The Executive Committee shall have all of the powers and authority of the Board of Directors in the intervals between meetings of the Board of Directors, subject to the direction and control of the Board of Directors.
Section 1. Annual Meeting. There shall be an annual meeting of the organization to be held at a time and place designated by the board of directors.
Section 2. Regular meetings of the Board of Directors shall be as determined by the Board of Directors with a minimum of one meeting per calendar year. Regular meetings of the Board of Directors may be held at such time and at such places as shall from time to time be determined by the Board.
Section 3. Special Meetings. A majority of the board of directors or the Executive Committee then serving may call a special meeting of the organization at any time.
Section 4. Quorum: For board of directors meetings a majority of the then serving members of the board shall constitute a quorum at any meeting. For Executive Committee meetings a majority of the then serving members of the Executive Committee shall constitute a quorum at any meeting.
Section 5. Notice of meetings: Written notice stating the place, date and time of any meeting of the Association shall be delivered to each member entitled to vote at such a meeting not less than 15 days before the date of such meeting. Notice shall be considered delivered when deposited in the U.S. Mail with proper postage or if by electronic means when replied “received” by the recipient.
Section 6. Proxies. Each member entitled to vote at a meeting of members may authorize another member entitled to vote at such meeting to act for him or her by proxy executed in writing and presented to the Secretary of the organization.
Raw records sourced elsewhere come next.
lemma rin_snoc_eq_keepp:
  assumes N: "1 \<le> N" and fin: "finite s" and sub: "s \<subseteq> paths K n"
    and pos: "\<And>z. z \<in> s \<Longrightarrow> w z > 0" and z: "z \<in> s" and a: "a \<in> {1..K}"
  shows "rin K N w s (Suc n) (z @ [a]) = keepp N w s z"
proof (cases "card s \<le> N")
  case True
  have "ext K s \<in> {s'. s' \<subseteq> paths K (Suc n) \<and> z @ [a] \<in> s'}"
    using ext_subset_paths[OF sub] z a by (auto simp: snoc_mem_ext)
  moreover have "finite {s'. s' \<subseteq> paths K (Suc n) \<and> z @ [a] \<in> s'}"
    by (rule finite_subset[of _ "Pow (paths K (Suc n))"]) (auto simp: finite_paths)
  ultimately show ?thesis
    using True unfolding rin_def rn_def keepp_def by (simp add: sum.delta')
next
  case False
  interpret resampling N w s using False N fin pos by unfold_locales auto
  show ?thesis using False rin_snoc_eq_min[OF sub z a] by (simp add: keepp_def)
qed

lemma rn_nonzero_imp_ext:
  assumes fin: "finite s" and nz: "rn K N w s s' \<noteq> 0"
  shows "\<exists>A \<subseteq> s. s' = ext K A"
proof (cases "card s \<le> N")
  case True
  then show ?thesis using nz by (auto simp: rn_def split: if_splits)
next
  case False
  then obtain u where "ext K (kept N w s \<union> survivors N w s u) = s'"
    using nz unfolding rn_resampling[OF False] by fastforce
  moreover have "kept N w s \<union> survivors N w s u \<subseteq> s"
    using survivors_subset[OF fin] by (auto simp: kept_def)
  ultimately show ?thesis by blast
qed

lemma length_Supps: "ss \<in> Supps K n \<Longrightarrow> length ss = n"
  unfolding Supps_def by simp
(* Let $(\Lambda,d)$ be a finitely aligned $k$-graph and let $(\overline{\Lambda},\overline d)$ be its extension as described in the context. Suppose $v\in\Lambda^0$ and $E\subseteq v\Lambda$ is a finite exhaustive subset of $\Lambda$. Then $E$ is also a finite exhaustive subset of $\overline{\Lambda}$, i.e. for every $\mu\in v\overline{\Lambda}$ there is $\lambda\in E$ with $\overline{\Lambda}^{\min}(\lambda,\mu)\neq\emptyset$.
   Context: A $k$-graph $(\Lambda,d)$ is a countable category with a degree functor $d:\Lambda\to\mathbb{N}^k$ satisfying unique factorization; $\Lambda^0$ vertices, $r,s$ range/source, $v\Gamma=\{\lambda\in\Gamma:r(\lambda)=v\}$, $v\Lambda^n=\{\lambda:r(\lambda)=v,d(\lambda)=n\}$; $e_i$ standard basis, $\le$ coordinatewise, $\vee,\wedge$ coordinatewise max/min. For a $k$-graph $\Gamma$, $\Gamma^{\min}(\lambda,\mu)=\{(\alpha,\beta):\lambda\alpha=\mu\beta,\ d(\lambda\alpha)=d(\lambda)\vee d(\mu)\}$; $\Gamma$ is finitely aligned if these are finite; $E\subseteq v\Gamma$ is exhaustive (in $\Gamma$) if for every $\mu\in v\Gamma$ there is $\lambda\in E$ with $\Gamma^{\min}(\lambda,\mu)\neq\emptyset$. For $m\in(\mathbb{N}\cup\{\infty\})^k$, $\Omega_{k,m}$ has objects $\{p\in\mathbb{N}^k:p\le m\}$, morphisms $(p,q)$, $p\le q\le m$, $r(p,q)=p$, $s(p,q)=q$, $d(p,q)=q-p$. A graph morphism $x:\Omega_{k,m}\to\Lambda$ is a degree-preserving functor; $d(x)=m$, $x(a,b)=x((a,b))$, $x(a)=x(a,a)$. It is a boundary path if there is $n_x\in\mathbb{N}^k$, $n_x\le d(x)$, with $x(p)\Lambda^{e_i}=\emptyset$ whenever $p\in\mathbb{N}^k$, $n_x\le p\le d(x)$, $p_i=d(x)_i$; $\Lambda^{\le\infty}$ is the set of boundary paths. $\sigma^px(a,b)=x(a+p,b+p)$; $\lambda x$ is the concatenation of $\lambda$ and $x$. $V_\Lambda=\{(x;m):x\in\Lambda^{\le\infty},m\in\mathbb{N}^k,m\not\le d(x)\}$, $(x;m)\approx(y;p)$ iff $x(m\wedge d(x))=y(p\wedge d(y))$ and $m-m\wedge d(x)=p-p\wedge d(y)$; classes $[x;m]$ form $\widetilde{V_\Lambda}$. $P_\Lambda=\{(x;(m,n)):x\in\Lambda^{\le\infty},m\le n\in\mathbb{N}^k,n\not\le d(x)\}$, $(x;(m,n))\sim(y;(p,q))$ iff $x(m\wedge d(x),n\wedge d(x))=y(p\wedge d(y),q\wedge d(y))$, $m-m\wedge d(x)=p-p\wedge d(y)$, $n-m=q-p$; classes $[x;(m,n)]$ form $\widetilde{P_\Lambda}$. The extension $\overline{\Lambda}$ is the $k$-graph with objects $\Lambda^0\sqcup\widetilde{V_\Lambda}$ and morphisms $\Lambda\sqcup\widetilde{P_\Lambda}$: on $\Lambda$ everything is as in $\Lambda$; $\overline r([x;(m,n)])=x(m)$ if $m\le d(x)$, else $[x;m]$; $\overline s([x;(m,n)])=[x;n]$; identity at $[x;m]$ is $[x;(m,m)]$; $\lambda[x;(m,n)]=[\lambda\sigma^mx;(0,d(\lambda)+n-m)]$; $[x;(m,n)][y;(p,q)]=[z;(m,n+q-p)]$ with $z=x(0,n\wedge d(x))\sigma^{p\wedge d(y)}y$; degree $\overline d|_\Lambda=d$, $\overline d([x;(m,n)])=n-m$. *)

theory Defs
  imports Main "HOL-Library.Extended_Nat" "HOL-Library.Function_Algebras"
begin
text \<open>The solution of \<open>grad_Q Q z i j = n * mu_of z j + (if i = j then 1 / c i else 0)\<close> for
  \<open>Q i j\<close>; \<open>mu_of z\<close> is then the multiplier that makes the columns sum to 1 when \<open>\<Sum>z = 0\<close>.\<close>
definition zQ_of :: "(nat \<Rightarrow> real) \<Rightarrow> nat \<Rightarrow> nat \<Rightarrow> real" where
  "zQ_of z i j = pp c gam nu i j *
     (n * mu_of z j + (if i = j then 1 / c i else 0) - gam i * sigma / sqrt n * z i * rho j * nu j)"

lemma n_mu_of:
  assumes "j < n"
  shows "n * mu_of z j = (1 - zeta c gam nu j) / Theta c gam nu n j
    - sigma / sqrt n * (aa c gam nu rho j * z j / Theta c gam nu n j)"
  using n_pos Theta_pos[OF assms] by (simp add: mu_of_def field_simps)

lemma pp_mult_grad_coeff:
  assumes i: "i < n" and j: "j < n"
  shows "pp c gam nu i j * ((if i = j then 1 / c i else 0) + gam i * (nu j)^2) = 1"
  using i j c_pos gam_pos nu_pos pp_pos[OF i j] by (auto simp: pp_def add_pos_pos)

lemma grad_Q_zQ_of:
  assumes i: "i < n" and j: "j < n"
  shows "grad_Q (zQ_of z) z i j = n * mu_of z j + (if i = j then 1 / c i else 0)"
proof -
  have "grad_Q (zQ_of z) z i j
      = zQ_of z i j * ((if i = j then 1 / c i else 0) + gam i * (nu j)^2)
        + gam i * sigma / sqrt n * z i * rho j * nu j"
    by (auto simp: grad_Q_def algebra_simps)
  also have "zQ_of z i j * ((if i = j then 1 / c i else 0) + gam i * (nu j)^2)
      = n * mu_of z j + (if i = j then 1 / c i else 0) - gam i * sigma / sqrt n * z i * rho j * nu j"
    using pp_mult_grad_coeff[OF i j] unfolding zQ_of_def by (simp only: mult_ac) simp
  finally show ?thesis by simp
qed

lemma zQ_of_col_sum:
  assumes z0: "(\<Sum>i<n. z i) = 0" and j: "j < n"
  shows "(\<Sum>i<n. zQ_of z i j) = 1"
proof -
  have nu_j: "nu j > 0"
    using nu_pos j by simp
  have split: "(\<Sum>i<n. zQ_of z i j) = Theta c gam nu n j * (n * mu_of z j)
      + (\<Sum>i<n. if i = j then pp c gam nu j j / c j else 0)
      - sigma / sqrt n * rho j * nu j * (\<Sum>i<n. gam i * pp c gam nu i j * z i)"
    unfolding zQ_of_def Theta_def sum_distrib_right sum_distrib_left
      sum_subtractf[symmetric] sum.distrib[symmetric]
    by (rule sum.cong) (auto simp: algebra_simps)
  have "(\<Sum>i<n. gam i * pp c gam nu i j * z i)
      = (\<Sum>i<n. (gam i * (nu j)^2 * pp c gam nu i j) * z i) / (nu j)^2"
    using nu_j by (simp add: sum_divide_distrib mult.assoc)
  also have "\<dots> = (\<Sum>i<n. z i - (if i = j then zeta c gam nu j * z j else 0)) / (nu j)^2"
    by (intro arg_cong[where f = "\<lambda>x. x / (nu j)^2"] sum.cong)
      (use j gam_nu_sq_pp in \<open>auto simp: algebra_simps\<close>)
  also have "\<dots> = - zeta c gam nu j * z j / (nu j)^2"
    using j z0 by (simp add: sum_subtractf)
  finally have "(\<Sum>i<n. gam i * pp c gam nu i j * z i) = - zeta c gam nu j * z j / (nu j)^2" .
  with split show ?thesis
    using j nu_j Theta_pos[OF j] sqrt_n
    by (simp add: mu_of_def zeta_def aa_def power2_eq_square field_simps)
qed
Such a proxy shall be valid for only one (1) meeting and the date of the meeting must be stated in the proxy for the proxy to be valid.
o Code of ethics
Section 1. Respecting the privacy of members of the TMIC is a basic value of TMIC. Personal and financial information is confidential and should not be disclosed or discussed with anyone without permission or authorization from the member.
Section 2. Director must segregate from his/her own funds all monies being held for the TMIC.
Section 3. No member shall have any proprietary interest whatever in or to any of the assets of the TMIC and no income or proprietary gains, benefit or advantage of any kind, in any way arising from or growing out of the assets of the TMIC shall inure to or in any way go to or vest in any member of the TMIC. All property of the TMIC is irrevocably dedicated charitable, educational and public welfare purposes for which the TMIC is founded, and upon liquidation, dissolution or abandonment of this organization, no part of its property shall inure to the benefit of or be distributed to any private person, except a foundation, association or corporation organized and operated for charitable purposes as determined by the Board of Directors.